Hillary Clinton: People Tell Me They Won’t Vote For Me Because I’m A Woman

Democratic presidential candidate Hillary Clinton speaks during a campaign stop at the New
AP Photo/Julio Cortez

Former Secretary of State Hillary Clinton portrays herself as the victim of sexism, explaining during an interview that she suffers from it at her own campaign rallies.

She said that people would come up to her on the rope line and say, “‘I really admire you, I really like you, I just don’t know if I can vote for a woman to be president,’” she said in an interview with New York Magazine. “I mean, they come to my events and then they say that to me.”

She added she thinks Americans are afraid that a woman’s ambition would crowd out relationships, marriage, children, family, and home making.

“We’re so accustomed to think of women’s ambition being made manifest in ways that we don’t approve of, or that we find off-putting.”

She said that Americans viewed a woman’s ambition as “dangerous” and that men were “100 percent” afraid of the competition.

“That level of visceral … fear, anxiety, insecurity plays a role,” she said.

But Mrs.

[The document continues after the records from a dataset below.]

lemma has_area_unconj:
  assumes "p \<in> lists (gens A)" and "has_area A R k (p @ a @ inv_word p)"
  shows "has_area A R k a"
proof -
  have "has_area A R k (inv_word p @ (p @ a @ inv_word p) @ inv_word (inv_word p))"
    by (rule has_area_conj) (use assms in simp_all)
  moreover have "free_eq (inv_word p @ (p @ a @ inv_word p) @ inv_word (inv_word p)) a"
  proof -
    have "free_eq (inv_word p @ p @ a @ inv_word p @ p) (a @ inv_word p @ p)"
      using free_eq_cancel_inv_word[of "[]" p] by simp
    also have "free_eq \<dots> a"
      using free_eq_cancel_inv_word[of a p "[]"] by simp
    finally show ?thesis
      by simp
  qed
  ultimately show ?thesis
    by (rule has_area_free_eq)
qed

lemma has_area_glue:
  assumes Q: "Q \<in> lists (gens A)"
    and "has_area A R k1 (P @ x @ inv_word Q)" and "has_area A R k2 (inv_word x @ m)"
  shows "has_area A R (k1 + k2) (P @ m @ inv_word Q)"
proof -
  have "has_area A R (k1 + k2) ((P @ x @ inv_word Q) @ Q @ (inv_word x @ m) @ inv_word Q)"
    using assms by (intro has_area_append has_area_conj)
  moreover have "free_eq ((P @ x) @ inv_word Q @ Q @ (inv_word x @ m @ inv_word Q))
                         (P @ x @ inv_word x @ m @ inv_word Q)"
    using free_eq_cancel_inv_word[of "P @ x" Q] by simp
  moreover have "free_eq (P @ x @ inv_word x @ m @ inv_word Q) (P @ m @ inv_word Q)"
    using free_eq_cancel_word .
  ultimately show ?thesis
    by (auto intro: has_area_free_eq free_eq_trans)
qed

lemma trivial_word_iff_has_area: "trivial_word A R w \<longleftrightarrow> (\<exists>k. has_area A R k w)"
  unfolding trivial_word_def has_area_def by blast

lemma area_le: "has_area A R k w \<Longrightarrow> area A R w \<le> k"
  unfolding has_area_def area_def
  by (elim exE conjE, rule order_trans[OF Least_le]) auto

lemma has_area_area: "trivial_word A R w \<Longrightarrow> has_area A R (area A R w) w"
  unfolding trivial_word_def has_area_def area_def
  by (rule LeastI2_ex) auto

lemma trivial_word_free_eq: "trivial_word A R w \<Longrightarrow> free_eq w w' \<Longrightarrow> trivial_word A R w'"
  unfolding trivial_word_iff_has_area by (meson has_area_free_eq)

lemma trivial_word_append:
  "trivial_word A R a \<Longrightarrow> trivial_word A R b \<Longrightarrow> trivial_word A R (a @ b)"
  unfolding trivial_word_iff_has_area by (meson has_area_append)

lemma trivial_word_inv_word: "trivial_word A R a \<Longrightarrow> trivial_word A R (inv_word a)"
  unfolding trivial_word_iff_has_area by (meson has_area_inv_word)
(* Let $p\in[1,\infty]$, $s>1+\frac1p$, let $u_0$ and $u_0^n$ be the functions defined below, and set $$u^{\mathrm{ap},4}_{n,1}(t,x)=(\Delta_nu_0)(x-tu_0(x)),\qquad u^{\mathrm{ap},4}_{n,2}(t,x)=(\Delta_nu_0^n)(x-tu_0^n(x)),\qquad t_n=\tfrac{8}{11}\pi n2^{-n}.$$ Let $N_0$ be a sufficiently large integer such that $\phi(x)\ge\phi(0)/2$ for all $x\in[0,2\pi2^{-N_0}]$. Then for all sufficiently large $n$ (with $n\gg N_0$), $$2^{ns}\big\|u^{\mathrm{ap},4}_{n,1}(t_n)-u^{\mathrm{ap},4}_{n,2}(t_n)\big\|_{L^p(\mathbb{R})}\ge2^{-\frac{N_0}{p}-3},$$ with the convention $\frac{N_0}{p}=0$ for $p=\infty$.
   Context: Littlewood–Paley blocks on $\mathbb{R}$: with a smooth even $\vartheta:\mathbb{R}\to[0,1]$, $\operatorname{supp}\vartheta\subset[-4/3,4/3]$, $\vartheta\equiv1$ on $|\xi|\le3/4$, $\varphi(\xi)=\vartheta(\xi/2)-\vartheta(\xi)$, $\Delta_{-1}=\vartheta(D)$, $\Delta_j=\varphi(2^{-j}D)$ for $j\ge0$. Let $\widehat\phi\in C_c^\infty(\mathbb{R})$ be even, real, with values in $[0,1]$, $\widehat\phi=1$ on $|\xi|\le1/4$, $\widehat\phi=0$ on $|\xi|\ge1/2$, and $\phi$ the real Schwartz function whose Fourier transform is a positive multiple of $\widehat\phi$ ($\phi(0)=\|\phi\|_\infty>0$). Let $\gamma(s)=2^{2s}(2^s-1)$, $\tilde\phi=\gamma(s)\phi/\phi(0)$, $u_0(x)=\sum_{j\ge3}2^{-js}\tilde\phi(x)\cos(\frac{11}{8}2^jx)$. Let $\widehat\psi\in C_c^\infty(\mathbb{R})$ be even, real, with values in $[0,1]$, $\widehat\psi=1$ on $\frac12\le|\xi|\le\frac58$, $\widehat\psi=0$ on $|\xi|\ge\frac34$ or $|\xi|\le\frac38$, $\psi$ the real Schwartz function with Fourier transform a positive multiple of $\widehat\psi$ ($\psi(0)=\|\psi\|_\infty>0$), $\Phi=\psi/\psi(0)$, and $u_0^n=u_0+\frac1n\Phi$. *)

theory Defs
  imports "HOL-Analysis.Analysis" "HOL-Probability.Essential_Supremum"
begin

definition smooth_fun :: "(real \<Rightarrow> real) \<Rightarrow> bool" where
  "smooth_fun f \<longleftrightarrow> (\<forall>k::nat. \<forall>x. ((deriv ^^ k) f) differentiable (at x))"

definition fourier :: "(real \<Rightarrow> complex) \<Rightarrow> real \<Rightarrow> complex" where
  "fourier f \<xi> = (LINT x|lborel. f x * cis (- (x * \<xi>)))"

definition inv_fourier :: "(real \<Rightarrow> complex) \<Rightarrow> real \<Rightarrow> complex" where
  "inv_fourier g x = (LINT \<xi>|lborel. g \<xi> * cis (x * \<xi>)) / complex_of_real (2 * pi)"

definition fmult :: "(real \<Rightarrow> real) \<Rightarrow> (real \<Rightarrow> real) \<Rightarrow> real \<Rightarrow> complex" where
  "fmult m f = inv_fourier (\<lambda>\<xi>. complex_of_real (m \<xi>) * fourier (\<lambda>x. complex_of_real (f x)) \<xi>)"

definition lp_varphi :: "(real \<Rightarrow> real) \<Rightarrow> real \<Rightarrow> real" where
  "lp_varphi th \<xi> = th (\<xi> / 2) - th \<xi>"

definition LP_block :: "(real \<Rightarrow> real) \<Rightarrow> int \<Rightarrow> (real \<Rightarrow> real) \<Rightarrow> real \<Rightarrow> complex" where
  "LP_block th j f =
     (if j = -1 then fmult th f
      else if j \<ge> 0 then fmult (\<lambda>\<xi>. lp_varphi th (\<xi> / 2 powr (real_of_int j))) f
      else (\<lambda>_. 0))"

definition Lp_norm :: "ennreal \<Rightarrow> (real \<Rightarrow> complex) \<Rightarrow> ennreal" where
  "Lp_norm p f =
     (if p = \<infinity> then esssup lborel (\<lambda>x. ennreal (cmod (f x)))
      else (let I = (\<integral>\<^sup>+ x. ennreal (cmod (f x) powr enn2real p) \<partial>lborel)
            in if I = \<infinity> then \<infinity> else ennreal (enn2real I powr (1 / enn2real p))))"

definition inv_exp :: "ennreal \<Rightarrow> real" where
  "inv_exp p = (if p = \<infinity> then 0 else 1 / enn2real p)"

text \<open>The Schwartz functions phi and psi (normalised so that their Fourier transforms are
  exactly phi-hat and psi-hat; only phi/phi(0) and psi/psi(0) enter the data).\<close>
definition schw_of :: "(real \<Rightarrow> real) \<Rightarrow> real \<Rightarrow> real" where
  "schw_of h x = Re (inv_fourier (\<lambda>\<xi>. complex_of_real (h \<xi>)) x)"

definition gam :: "real \<Rightarrow> real" where
  "gam s = 2 powr (2 * s) * (2 powr s - 1)"

definition phi_tilde :: "(real \<Rightarrow> real) \<Rightarrow> real \<Rightarrow> real \<Rightarrow> real" where
  "phi_tilde \<phi>h s x = gam s * schw_of \<phi>h x / schw_of \<phi>h 0"

definition u0 :: "(real \<Rightarrow> real) \<Rightarrow> real \<Rightarrow> real \<Rightarrow> real" where
  "u0 \<phi>h s x = (\<Sum>j. 2 powr (- (real (j + 3)) * s) * phi_tilde \<phi>h s x
                        * cos (11 / 8 * 2 ^ (j + 3) * x))"

definition Phi_fun :: "(real \<Rightarrow> real) \<Rightarrow> real \<Rightarrow> real" where
  "Phi_fun \<psi>h x = schw_of \<psi>h x / schw_of \<psi>h 0"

Clinton said she would continue pressing forward in spite of the headwinds she faced because of her sex.

“I’m just trying to cope with it. Deal with it. Live through it,” she said, laughing.

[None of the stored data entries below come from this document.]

(* Let $\{(Y_i,X_i^T)\}_{i=1}^n$ be i.i.d. copies of $(Y,X^T)$, where $Y$ is real-valued and $X$ takes values in a support $\mathcal{X}\subset\mathbb{R}^{\dim X}$, and let $g_0(x)=E[Y\mid X=x]$. Let $\mathbf{A}_0$ be a known linear operator mapping functions on $\mathcal{X}$ to real-valued functions on a set $\mathcal{W}_0$, and $\mathbf{A}_1$ a known linear operator mapping functions on $\mathcal{X}$ to real-valued functions on a set $\mathcal{W}_1$; put $\theta_0=\mathbf{A}_0g_0$. Let $p_{1:k}=(p_1,\dots,p_k)^T$ be functions on $\mathcal{X}$ ($k\ge 2$), assume $E[p_{1:k}(X)p_{1:k}(X)^T]$ is invertible, and let $\bar\beta=E[p_{1:k}(X)p_{1:k}(X)^T]^{-1}E[p_{1:k}(X)Y]$. Assume there are known functions $\delta_0$ on $\mathcal{W}_0$ and $\delta_1$ on $\mathcal{W}_1$ with $|[\mathbf{A}_0(g_0-p_{1:k}^T\bar\beta)](w_0)|\le\delta_0(w_0)$ for all $w_0\in\mathcal{W}_0$ and $|[\mathbf{A}_1(g_0-p_{1:k}^T\bar\beta)](w_1)|\le\delta_1(w_1)$ for all $w_1\in\mathcal{W}_1$. Define $\hat\omega=p_{1:k}(X)\bigl(Y-p_{1:k}(X)^TE_n[p_{1:k}(X)p_{1:k}(X)^T]^{-1}E_n[p_{1:k}(X)Y]\bigr)$ (computed for each observation), let $\eta_1,\dots,\eta_n$ be i.i.d. Rademacher variables independent of the data, and let $cv$ be the $(1-\alpha)$ quantile, conditional on the data, of $\|E_n[\hat\omega\hat\omega^T]^{-1/2}E_n[\eta\hat\omega]\|_\infty$. Consider the constraints on $\beta\in\mathbb{R}^k$: (C1) $\|E_n[\hat\omega\hat\omega^T]^{-1/2}E_n[p_{1:k}(X)(Y-p_{1:k}(X)^T\beta)]\|_\infty\le cv$; (C3) $[\mathbf{A}_1p_{1:k}^T](w_1)\beta\le\delta_1(w_1)$ for every $w_1\in\mathcal{W}_1$; and let $CR_\theta$ be the set of functions $\theta:\mathcal{W}_0\to\mathbb{R}$ for which there exists $\beta\in\mathbb{R}^k$ satisfying (C1), (C3), and $|[\mathbf{A}_0p_{1:k}^T](w_0)\beta-\theta(w_0)|\le\delta_0(w_0)$ for every $w_0\in\mathcal{W}_0$. Then for every $w_0\in\mathcal{W}_0$, the projection $\{\theta(w_0):\theta\in CR_\theta\}$ equals the closed interval $$\Bigl[\min_{\beta\ \text{s.t. (C1),(C3)}}[\mathbf{A}_0p_{1:k}^T](w_0)\beta-\delta_0(w_0),\ \max_{\beta\ \text{s.t. (C1),(C3)}}[\mathbf{A}_0p_{1:k}^T](w_0)\beta+\delta_0(w_0)\Bigr].$$
   Context: $E_n$ denotes the sample mean: $E_n[f(Y,X^T)]=\frac1n\sum_{i=1}^nf(Y_i,X_i^T)$, and $E_n[\eta\hat\omega]=\frac1n\sum_i\eta_i\hat\omega_i$. The notation $[\mathbf{A}_jp_{1:k}^T](w)\beta$ means $[\mathbf{A}_j(p_{1:k}^T\beta)](w)$ for $j=0,1$. $\|\cdot\|_\infty$ is the sup-norm of a vector in $\mathbb{R}^k$. The constraints (C1) and (C3) are linear in $\beta$, so the endpoints are values of linear programs. *)

theory Defs
  imports "HOL-Probability.Probability"
begin

definition En :: "nat \<Rightarrow> (nat \<Rightarrow> real) \<Rightarrow> real" where
  "En n f = (\<Sum>i<n. f i) / real n"

definition lin_op :: "(('x \<Rightarrow> real) \<Rightarrow> ('w \<Rightarrow> real)) \<Rightarrow> bool" where
  "lin_op A \<longleftrightarrow> (\<forall>a b f g. A (\<lambda>x. a * f x + b * g x) = (\<lambda>w. a * A f w + b * A g w))"

definition sgram :: "nat \<Rightarrow> ('x \<Rightarrow> real^'k) \<Rightarrow> (nat \<Rightarrow> 'x) \<Rightarrow> real^'k^'k" where
  "sgram n p Xs = (\<chi> a b. En n (\<lambda>i. p (Xs i) $ a * p (Xs i) $ b))"

definition smoment :: "nat \<Rightarrow> ('x \<Rightarrow> real^'k) \<Rightarrow> (nat \<Rightarrow> real) \<Rightarrow> (nat \<Rightarrow> 'x) \<Rightarrow> real^'k \<Rightarrow> real^'k" where
  "smoment n p Ys Xs \<beta> = (\<chi> a. En n (\<lambda>i. p (Xs i) $ a * (Ys i - p (Xs i) \<bullet> \<beta>)))"

definition scross :: "nat \<Rightarrow> ('x \<Rightarrow> real^'k) \<Rightarrow> (nat \<Rightarrow> real) \<Rightarrow> (nat \<Rightarrow> 'x) \<Rightarrow> real^'k" where
  "scross n p Ys Xs = (\<chi> a. En n (\<lambda>i. p (Xs i) $ a * Ys i))"

definition omega_hat :: "nat \<Rightarrow> ('x \<Rightarrow> real^'k) \<Rightarrow> (nat \<Rightarrow> real) \<Rightarrow> (nat \<Rightarrow> 'x) \<Rightarrow> nat \<Rightarrow> real^'k" where
  "omega_hat n p Ys Xs i =
     (Ys i - p (Xs i) \<bullet> (matrix_inv (sgram n p Xs) *v scross n p Ys Xs)) *\<^sub>R p (Xs i)"

definition outer_mean :: "nat \<Rightarrow> (nat \<Rightarrow> real^'k) \<Rightarrow> real^'k^'k" where
  "outer_mean n w = (\<chi> a b. En n (\<lambda>i. w i $ a * w i $ b))"

definition inv_sqrt :: "real^'k^'k \<Rightarrow> real^'k^'k" where
  "inv_sqrt M = (THE S. transpose S = S \<and> (\<forall>x. x \<noteq> 0 \<longrightarrow> 0 < x \<bullet> (S *v x))
                     \<and> S ** S = matrix_inv M)"

text \<open>Realisations of n i.i.d. Rademacher signs (each equally likely, conditionally on data).\<close>
definition rademacher_signs :: "nat \<Rightarrow> (nat \<Rightarrow> real) set" where
  "rademacher_signs n = PiE {..<n} (\<lambda>_. {-1, 1})"

definition boot_stat :: "nat \<Rightarrow> real^'k^'k \<Rightarrow> (nat \<Rightarrow> real^'k) \<Rightarrow> (nat \<Rightarrow> real) \<Rightarrow> real" where
  "boot_stat n S w \<eta> = infnorm (S *v (\<chi> a. En n (\<lambda>i. \<eta> i * w i $ a)))"

definition cond_quantile :: "nat \<Rightarrow> real \<Rightarrow> ((nat \<Rightarrow> real) \<Rightarrow> real) \<Rightarrow> real" where
  "cond_quantile n \<alpha> T =
     Inf {c. (1 - \<alpha>) * real (card (rademacher_signs n))
             \<le> real (card {\<eta> \<in> rademacher_signs n. T \<eta> \<le> c})}"

definition crit_val :: "nat \<Rightarrow> real \<Rightarrow> ('x \<Rightarrow> real^'k) \<Rightarrow> (nat \<Rightarrow> real) \<Rightarrow> (nat \<Rightarrow> 'x) \<Rightarrow> real" where
  "crit_val n \<alpha> p Ys Xs =
     cond_quantile n \<alpha>
       (boot_stat n (inv_sqrt (outer_mean n (omega_hat n p Ys Xs))) (omega_hat n p Ys Xs))"

definition feasible ::
  "nat \<Rightarrow> real \<Rightarrow> ('x \<Rightarrow> real^'k) \<Rightarrow> (nat \<Rightarrow> real) \<Rightarrow> (nat \<Rightarrow> 'x)
   \<Rightarrow> (('x \<Rightarrow> real) \<Rightarrow> ('w1 \<Rightarrow> real)) \<Rightarrow> 'w1 set \<Rightarrow> ('w1 \<Rightarrow> real) \<Rightarrow> (real^'k) set" where
  "feasible n \<alpha> p Ys Xs A1 W1 \<delta>1 =
     {\<beta>. infnorm (inv_sqrt (outer_mean n (omega_hat n p Ys Xs)) *v smoment n p Ys Xs \<beta>)
            \<le> crit_val n \<alpha> p Ys Xs
        \<and> (\<forall>w\<in>W1. A1 (\<lambda>x. p x \<bullet> \<beta>) w \<le> \<delta>1 w)}"

definition CR_theta ::
  "nat \<Rightarrow> real \<Rightarrow> ('x \<Rightarrow> real^'k) \<Rightarrow> (nat \<Rightarrow> real) \<Rightarrow> (nat \<Rightarrow> 'x)
   \<Rightarrow> (('x \<Rightarrow> real) \<Rightarrow> ('w0 \<Rightarrow> real)) \<Rightarrow> 'w0 set \<Rightarrow> ('w0 \<Rightarrow> real)
   \<Rightarrow> (('x \<Rightarrow> real) \<Rightarrow> ('w1 \<Rightarrow> real)) \<Rightarrow> 'w1 set \<Rightarrow> ('w1 \<Rightarrow> real) \<Rightarrow> ('w0 \<Rightarrow> real) set" where
  "CR_theta n \<alpha> p Ys Xs A0 W0 \<delta>0 A1 W1 \<delta>1 =
     {\<theta>. \<exists>\<beta>\<in>feasible n \<alpha> p Ys Xs A1 W1 \<delta>1.
            \<forall>w\<in>W0. \<bar>A0 (\<lambda>x. p x \<bullet> \<beta>) w - \<theta> w\<bar> \<le> \<delta>0 w}"

end

theory Submission
  imports Defs
begin

text \<open>The feasible set of (C1) and (C3) is convex: (C1) pulls a sup-norm ball back along the
  affine map \<open>\<beta> \<mapsto> S (E\<^sub>n[p Y] - E\<^sub>n[p p\<^sup>T] \<beta>)\<close>, and (C3) is an intersection of half-spaces
  because \<open>\<beta> \<mapsto> [A\<^sub>1 p\<^sup>T](w) \<beta>\<close> is linear. As \<open>\<beta> \<mapsto> [A\<^sub>0 p\<^sup>T](w\<^sub>0) \<beta>\<close> is linear too, it maps the
  feasible set onto a convex subset of the line, i.e. onto the interval between its minimum and
  maximum. The projection of \<open>CR\<^sub>\<theta>\<close> at \<open>w\<^sub>0\<close> is that interval widened by \<open>\<delta>\<^sub>0(w\<^sub>0)\<close>: away
  from \<open>w\<^sub>0\<close> a member \<open>\<theta>\<close> can simply follow \<open>[A\<^sub>0 p\<^sup>T] \<beta>\<close>, which is admissible since
  \<open>\<delta>\<^sub>0 \<ge> 0\<close> by the bias bound. That is the only hypothesis about the data-generating process
  the argument uses: the statement is a deterministic fact about each sample.\<close>

lemma convex_infnorm_affine_sublevel:
  fixes g :: "'a::real_vector \<Rightarrow> 'b::euclidean_space"
  assumes "linear g"
  shows "convex {x. infnorm (c - g x) \<le> r}"
proof (rule convexI)
  fix x y and u v :: real
  assume x: "x \<in> {x. infnorm (c - g x) \<le> r}" and y: "y \<in> {x. infnorm (c - g x) \<le> r}"
    and uv: "0 \<le> u" "0 \<le> v" "u + v = 1"
  have "c - g (u *\<^sub>R x + v *\<^sub>R y) = u *\<^sub>R (c - g x) + v *\<^sub>R (c - g y)"
    using uv(3) by (simp add: linear_add[OF assms] linear_scale[OF assms] algebra_simps
        flip: scaleR_add_left)
  then have "infnorm (c - g (u *\<^sub>R x + v *\<^sub>R y)) \<le> u * infnorm (c - g x) + v * infnorm (c - g y)"
    using uv infnorm_triangle[of "u *\<^sub>R (c - g x)" "v *\<^sub>R (c - g y)"] by (simp add: infnorm_mul)
  also have "\<dots> \<le> u * r + v * r"
    using x y uv by (intro add_mono mult_left_mono) auto
  finally show "u *\<^sub>R x + v *\<^sub>R y \<in> {x. infnorm (c - g x) \<le> r}"
    using uv(3) by (simp flip: distrib_right)
qed

lemma convex_linear_sublevel:
  fixes f :: "'a::real_vector \<Rightarrow> real"
  assumes "linear f"
  shows "convex {x. f x \<le> b}"
  using convex_linear_vimage[OF assms, of "{..b}"] by (simp add: vimage_def)

lemma linear_lin_op_coeffs:
  fixes p :: "'x \<Rightarrow> 'a::real_inner"
  assumes "lin_op A"
  shows "linear (\<lambda>\<beta>. A (\<lambda>x. p x \<bullet> \<beta>) w)"
proof (rule linearI)
  fix \<beta> \<gamma> :: 'a and r :: real
  have "A (\<lambda>x. 1 * (p x \<bullet> \<beta>) + 1 * (p x \<bullet> \<gamma>)) w = 1 * A (\<lambda>x. p x \<bullet> \<beta>) w + 1 * A (\<lambda>x. p x \<bullet> \<gamma>) w"
    using assms unfolding lin_op_def by metis
  then show "A (\<lambda>x. p x \<bullet> (\<beta> + \<gamma>)) w = A (\<lambda>x. p x \<bullet> \<beta>) w + A (\<lambda>x. p x \<bullet> \<gamma>) w"
    by (simp add: inner_add_right)
  have "A (\<lambda>x. r * (p x \<bullet> \<beta>) + 0 * (p x \<bullet> \<beta>)) w = r * A (\<lambda>x. p x \<bullet> \<beta>) w + 0 * A (\<lambda>x. p x \<bullet> \<beta>) w"
    using assms unfolding lin_op_def by metis
  then show "A (\<lambda>x. p x \<bullet> (r *\<^sub>R \<beta>)) w = r *\<^sub>R A (\<lambda>x. p x \<bullet> \<beta>) w"
    by simp
qed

In the interview, Clinton explained what it was like to live with Bill Clinton when they were both in their Chappaqua home.

“We get back to the house and stay in the kitchen and talk and maybe eat something bad, maybe drink something bad,” she said referring to beer or wine. “We watch TV, like the hundreds of shows we record and finally get to. Then go to bed and read for a while before we fall asleep.”